Imperial guards vs Chaos cultists, fight!
There's no doubt that the sequel to the remake of last year's The Hills Have Eyes is a vile piece of cinema. The movie opens with a bloodied and dirty-looking woman chained to a bed giving birth to a deformed baby, and things just get progressively more disgusting and twisted: there's a mutant rape, people getting their heads or faces smashed in with axes, stones, bayonets and even wallets, two scenes with cannibalism, and a man crawling out from the hole in the toilet. Okay, the last image is probably a twisted homage to The Ring, but really, it's an indication that this film (like any other rose) isn't too far removed from the gutter.
Before you decide to buy your tickets at the box office, you should know that Weisz and the Craven team have overdone the disgusting elements in this movie, to the extent that there aren't any horror elements left in it. Yes, the heavily deformed mutant humans (unevacuated victims of nuclear tests in the New Mexico desert) are back, but there are no scares in this sequel (would you be horrified by their 1980s style prosthetics? Or the modern school of loud noises carefully calibrated for shock?). This is more of a slasher film, where one by one, a party of militia guardsmen are picked off by our favourite mutants in increasingly disgusting ways. That, interpersed with lots of ugly mutants molesting captured women or embedding foreign objects in the skulls of unsuspecting victims.
Given the pungent, almost sick approach to the slasher film, it makes sense to see this movie not as a horror movie, but as a successor to the long moribund genres of the video nasty and the monster nudie. You'd probably have far more mileage if you went into the cinema because you wanted to watch a vile, sick movie than if you went in expected a horror or straight slasher flick. In fact, you'd underappreciating The Hills Have Eyes 2 if you see it even as a straight slasher flick. You have to understand that sickening movies like this haven't been made since video nasties stop getting made in the mid-80s, or that the art of making monster nudies (or erotic horror) died off with Ed Wood in the late 70s, living in a strange afterlife as tentacle monster movies in Japanese cinema and anime.

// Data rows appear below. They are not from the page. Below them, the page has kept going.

(* Let $n\ge 1$ and consider the quadratic system $\mathbf{E}\dot{\mathbf{x}} = \mathbf{A}\mathbf{x} + \mathbf{H}(\mathbf{x}\otimes\mathbf{x})$ with $\mathbf{x}(t)\in\mathbb{R}^n$, where $\mathbf{E}\in\mathbb{R}^{n\times n}$ is nonsingular, $\mathbf{A}\in\mathbb{R}^{n\times n}$, and $\mathbf{H}\in\mathbb{R}^{n\times n^2}$ satisfies $\mathbf{H}(\mathbf{x}_1\otimes\mathbf{x}_2)=\mathbf{H}(\mathbf{x}_2\otimes\mathbf{x}_1)$ for all $\mathbf{x}_1,\mathbf{x}_2\in\mathbb{R}^n$. Let $\mathbf{A}$ be Hurwitz and let $\mathbf{P}\in\mathbb{R}^{n\times n}$ be a Lyapunov matrix, i.e., a symmetric positive definite matrix satisfying $\mathbf{A}^\top\mathbf{P}\mathbf{E}+\mathbf{E}^\top\mathbf{P}\mathbf{A}+\mathbf{Q}=\mathbf{0}$ for some positive definite $\mathbf{Q}=\mathbf{Q}_f^\top\mathbf{Q}_f$. Let $v(\mathbf{x})=\mathbf{x}^\top\mathbf{E}^\top\mathbf{P}\mathbf{E}\mathbf{x}$. Then $\mathbf{x}_e=\mathbf{0}$ is a locally stable equilibrium, and $\mathcal{D}(\rho)\subseteq\mathcal{A}(\mathbf{0})$ with $$\rho=\frac{\sigma_{\min}^2(\mathbf{Q}_f)}{2\,\|\mathbf{H}\|_2\sqrt{\|\mathbf{P}\|_2}},$$ i.e., $\mathcal{D}(\rho)$ is an estimate of the domain of attraction of $\mathbf{0}$.
   Context: $\otimes$ denotes the Kronecker product and $\|\cdot\|_2$ the Euclidean vector norm / spectral (induced 2-) matrix norm. $\sigma_{\min}(\mathbf{Q}_f)$ denotes the smallest nonzero singular value of $\mathbf{Q}_f$. $\dot v(\mathbf{x})$ denotes the derivative of $v$ along trajectories of the system, $\dot v(\mathbf{x}) = \dot{\mathbf{x}}^\top\mathbf{E}^\top\mathbf{P}\mathbf{E}\mathbf{x}+\mathbf{x}^\top\mathbf{E}^\top\mathbf{P}\mathbf{E}\dot{\mathbf{x}}$ with $\dot{\mathbf{x}}=\mathbf{E}^{-1}(\mathbf{A}\mathbf{x}+\mathbf{H}(\mathbf{x}\otimes\mathbf{x}))$. For $\rho>0$, $\mathcal{D}(\rho)=\{\mathbf{x}\in\mathbb{R}^n : v(\mathbf{x})\le\rho^2,\ \dot v(\mathbf{x})<0\}$. Writing $\phi(\mathbf{x}_0,t)$ for the solution with initial condition $\mathbf{x}_0$, the domain of attraction of the equilibrium $\mathbf{0}$ is $\mathcal{A}(\mathbf{0})=\{\mathbf{x}_0 : \lim_{t\to\infty}\phi(\mathbf{x}_0,t)=\mathbf{0}\}$. *)

theory Defs
  imports "HOL-Analysis.Analysis"
begin

text \<open>Kronecker product of two vectors in R^n, indexed by pairs (i,j)
  (corresponding to the flat index (i-1)n + j of R^(n^2)).\<close>
definition kron :: "real^'n \<Rightarrow> real^'n \<Rightarrow> real^('n \<times> 'n)" where
  "kron x y = (\<chi> p. x $ fst p * y $ snd p)"

definition spec_norm :: "real^'k^'m \<Rightarrow> real" where
  "spec_norm M = onorm (\<lambda>x. M *v x)"

definition symmetric_mat :: "real^'n^'n \<Rightarrow> bool" where
  "symmetric_mat M \<longleftrightarrow> transpose M = M"

definition pos_def :: "real^'n^'n \<Rightarrow> bool" where
  "pos_def M \<longleftrightarrow> symmetric_mat M \<and> (\<forall>x. x \<noteq> 0 \<longrightarrow> x \<bullet> (M *v x) > 0)"

definition real_eigenvalue :: "real^'n^'n \<Rightarrow> real \<Rightarrow> bool" where
  "real_eigenvalue M l \<longleftrightarrow> (\<exists>v. v \<noteq> 0 \<and> M *v v = l *s v)"

definition hurwitz :: "real^'n^'n \<Rightarrow> bool" where
  "hurwitz A \<longleftrightarrow> (\<forall>(l::complex) (v::complex^'n). v \<noteq> 0 \<and>
      (\<chi> i j. complex_of_real (A $ i $ j)) *v v = l *s v \<longrightarrow> Re l < 0)"

text \<open>Singular values of Qf are the square roots of the eigenvalues of Qf^T Qf;
  sigma_min is the smallest nonzero one.\<close>
definition sigma_min :: "real^'n^'m \<Rightarrow> real" where
  "sigma_min Qf = Min {sqrt l | l. real_eigenvalue (transpose Qf ** Qf) l \<and> l \<noteq> 0}"

definition qrhs :: "real^'n^'n \<Rightarrow> real^'n^'n \<Rightarrow> real^('n\<times>'n)^'n \<Rightarrow> real^'n \<Rightarrow> real^'n" where
  "qrhs E A H x = matrix_inv E *v (A *v x + H *v kron x x)"

definition is_solution :: "(real^'n \<Rightarrow> real^'n) \<Rightarrow> real^'n \<Rightarrow> (real \<Rightarrow> real^'n) \<Rightarrow> bool" where
  "is_solution f x0 \<phi> \<longleftrightarrow> \<phi> 0 = x0 \<and>
     (\<forall>t\<ge>0. (\<phi> has_vector_derivative f (\<phi> t)) (at t within {0..}))"

definition domain_of_attraction :: "(real^'n \<Rightarrow> real^'n) \<Rightarrow> (real^'n) set" where
  "domain_of_attraction f = {x0. (\<exists>\<phi>. is_solution f x0 \<phi>) \<and>
      (\<forall>\<phi>. is_solution f x0 \<phi> \<longrightarrow> (\<phi> \<longlongrightarrow> 0) at_top)}"

definition stable_equilibrium_0 :: "(real^'n \<Rightarrow> real^'n) \<Rightarrow> bool" where
  "stable_equilibrium_0 f \<longleftrightarrow> f 0 = 0 \<and>
     (\<forall>\<epsilon>>0. \<exists>\<delta>>0. \<forall>x0. norm x0 < \<delta> \<longrightarrow>
        (\<exists>\<phi>. is_solution f x0 \<phi>) \<and>
        (\<forall>\<phi>. is_solution f x0 \<phi> \<longrightarrow> (\<forall>t\<ge>0. norm (\<phi> t) < \<epsilon>)))"

definition lyap_v :: "real^'n^'n \<Rightarrow> real^'n^'n \<Rightarrow> real^'n \<Rightarrow> real" where
  "lyap_v E P x = x \<bullet> ((transpose E ** P ** E) *v x)"

definition lyap_vdot :: "real^'n^'n \<Rightarrow> real^'n^'n \<Rightarrow> real^('n\<times>'n)^'n \<Rightarrow> real^'n^'n \<Rightarrow> real^'n \<Rightarrow> real" where
  "lyap_vdot E A H P x = (let xd = qrhs E A H x in
      xd \<bullet> ((transpose E ** P ** E) *v x) + x \<bullet> ((transpose E ** P ** E) *v xd))"

definition D_set :: "real^'n^'n \<Rightarrow> real^'n^'n \<Rightarrow> real^('n\<times>'n)^'n \<Rightarrow> real^'n^'n \<Rightarrow> real \<Rightarrow> (real^'n) set" where
  "D_set E A H P \<rho> = {x. lyap_v E P x \<le> \<rho>\<^sup>2 \<and> lyap_vdot E A H P x < 0}"

end

theory Submission
  imports Defs
begin

(* Along trajectories, the Lyapunov equation cancels the linear part of the field, and
   Cauchy-Schwarz in the P-inner product bounds the quadratic part, so that
     v'(x) <= |x|^2 (alpha sqrt (v x) - sigma_min^2),   alpha = 2 |H| sqrt |P|.
   Hence v cannot increase on a sublevel set {v <= c} with alpha sqrt c < sigma_min^2, which
   is therefore forward invariant, and on it v' <= -gamma v, so that v and x decay
   exponentially. Small sublevel sets give stability. A point of D(rho) lies in the closed
   sublevel set of the critical level rho^2 and enters the open one at once because v' < 0 there.
   Solutions exist because the field agrees on the invariant sublevel set with a globally
   Lipschitz field, for which Picard iteration converges. *)

lemma matrix_mult_matrix_inv:
  fixes E :: "'a::field^'n^'n"
  shows "invertible E \<Longrightarrow> E ** matrix_inv E = mat 1"
  unfolding invertible_def matrix_inv_def by (rule someI_ex[THEN conjunct1])

lemma matrix_vector_mult_qrhs:
  "invertible E \<Longrightarrow> E *v qrhs E A H x = A *v x + H *v kron x x"
  unfolding qrhs_def by (simp add: matrix_vector_mul_assoc matrix_mult_matrix_inv)

lemma invertible_matrix_vector_eq_0:
  fixes E :: "real^'n^'n"
  shows "invertible E \<Longrightarrow> E *v x = 0 \<longleftrightarrow> x = 0"
  by (metis matrix_left_invertible_ker invertible_left_inverse matrix_vector_mult_0_right)

lemma kron_0 [simp]: "kron 0 0 = 0"
  by (simp add: kron_def vec_eq_iff)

But enough about how twisted and perverted the movie is. The more impressive stuff takes place in the second half, where our beleagered guardsmen militia enters the cavernous depths of the mountain mines in order to escape the mutant family hell-bent on eating them or worse. Here, Wes Craven's influence on production design is strongly felt - in an attempt to innovate the genre and cult series he created almost 30 years ago, the producer turns the second half of the movie into a vehicle for American-style, neo-German Expressionism. Like an Escher painting, the geography of the mines, tunnels and passageways connecting the caves of the mountains make no sense, but impart a very palpable sense of the weird and the ominous, much like the more traditional use of Escher-inspired sets in last year's Call of Cthulhu. But Craven goes much further than this, and pulls the unsettling Escheresque geometry inwards, onto the bodily frames of the mutants, making them the manifestation of horror within the horrific location of the caverns. This is what is completely lacking in modern slasher flicks like Saw, Hostel, et al: the sense of true, old school horror spit out with an unexpectedly modern take.
It is very easy to dismiss The Hills Have Eyes 2 as a tasteless movie, but if people would allow themselves a closer look...
Verdict: A pleasant experience that revives the monster nudie and video nasty genres. Personally, I'm waiting for Wes Craven to commission a Warhammer 40,000 remake of this movie!